=== Section Start ===

lemma centroid_not_leaf:
  assumes "finite S" "connected_on S" "is_centroid S v" "4 \<le> card S"
  shows "v \<notin> leaves S E"
proof
  assume "v \<in> leaves S E"
  then obtain w where N: "{u \<in> S. E v u} = {w}" by (auto simp: leaves_def card_1_singleton_iff)
  have v: "v \<in> S" using assms(3) by (simp add: is_centroid_def)
  have w: "w \<in> S - {v}" using N edge_irrefl by blast
  have "S - {v} \<subseteq> component (S - {v}) w"
  proof
    fix x assume x: "x \<in> S - {v}"
    obtain z where z: "z \<in> component (S - {v}) x" "E v z"
      using component_has_neighbor[OF assms(2) v x] .
    then have "z = w" using N component_subset[OF x] by blast
    with z(1) show "x \<in> component (S - {v}) w" using component_eq self_in_component by metis
  qed
  then have "card (S - {v}) \<le> card (component (S - {v}) w)"
    using component_subset[OF w] assms(1) by (intro card_mono) (auto intro: finite_subset)
  moreover have "2 * card (component (S - {v}) w) \<le> card S"
    using assms(3) w by (simp add: is_centroid_def)
  ultimately show False using assms(4) v assms(1) by simp
qed

lemma extends_to_proper_from_branches:
  assumes "v \<in> S" "p v = Some c" "dom p \<subseteq> S"
    and branches: "\<And>x. x \<in> S - {v} \<Longrightarrow> extends_to_proper (insert v (component (S - {v}) x)) E p"
  shows "extends_to_proper S E p"
proof -
  define T where "T x = insert v (component (S - {v}) x)" for x
  define col where "col x = (SOME g. (\<forall>u\<in>T x. \<forall>w\<in>T x. E u w \<longrightarrow> g u \<noteq> g w)
      \<and> (\<forall>y\<in>dom p. p y = Some (g y)))" for x
  have col: "(\<forall>u\<in>T x. \<forall>w\<in>T x. E u w \<longrightarrow> col x u \<noteq> col x w) \<and> (\<forall>y\<in>dom p. p y = Some (col x y))"
    if "x \<in> S - {v}" for x
  proof -
    have "\<exists>g. (\<forall>u\<in>T x. \<forall>w\<in>T x. E u w \<longrightarrow> g u \<noteq> g w) \<and> (\<forall>y\<in>dom p. p y = Some (g y))"
      using branches[OF that] unfolding extends_to_proper_def T_def .
    then show ?thesis unfolding col_def by (rule someI_ex)
  qed
  have col_v: "col x v = c" if "x \<in> S - {v}" for x
  proof -
    have "v \<in> dom p" using assms(2) by blast
    then have "p v = Some (col x v)" using col[OF that] by blast
    with assms(2) show ?thesis by simp
  qed
  \<comment> \<open>\<open>col x\<close> depends only on the branch of \<open>x\<close>, and all these colorings agree at \<open>v\<close>.\<close>
  define g where "g x = (if x = v then c else col x x)" for x
  have edge: "g u \<noteq> g w" if "u \<in> S - {v}" "w \<in> S" "E u w" for u w
  proof -
    have "w \<in> T u"
      using that component_closed[OF that(1) self_in_component] by (auto simp: T_def)
    moreover have "u \<in> T u" by (simp add: T_def self_in_component)
    ultimately have "col u u \<noteq> col u w" using col[OF that(1)] that(3) by blast
    moreover have "g w = col u w"
    proof (cases "w = v")
      case False
      with \<open>w \<in> T u\<close> have "component (S - {v}) w = component (S - {v}) u"
        by (simp add: T_def component_eq)
      then show ?thesis using False by (simp add: g_def T_def col_def)
    qed (simp add: g_def col_v[OF that(1)])
    ultimately show ?thesis using that(1) by (simp add: g_def)
  qed
  have "g u \<noteq> g w" if "u \<in> S" "w \<in> S" "E u w" for u w
  proof (cases "u = v")
    case True
    with that edge_irrefl have "w \<in> S - {v}" by blast
    with that show ?thesis using edge[of w u] edge_sym by metis
  qed (use edge that in blast)
  moreover have "p y = Some (g y)" if "y \<in> dom p" for y
  proof (cases "y = v")
    case False
    with that assms(3) have "y \<in> S - {v}" by blast
    then have "p y = Some (col y y)" using col that by blast
    with False show ?thesis by (simp add: g_def)
  qed (use assms(2) in \<open>simp add: g_def\<close>)
  ultimately show ?thesis unfolding extends_to_proper_def by blast
qed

=== Section End ===

▶ Task to carry out:
In the listing above, how many of the lines include "proof"? Give only the figure.

▶ Task response:
9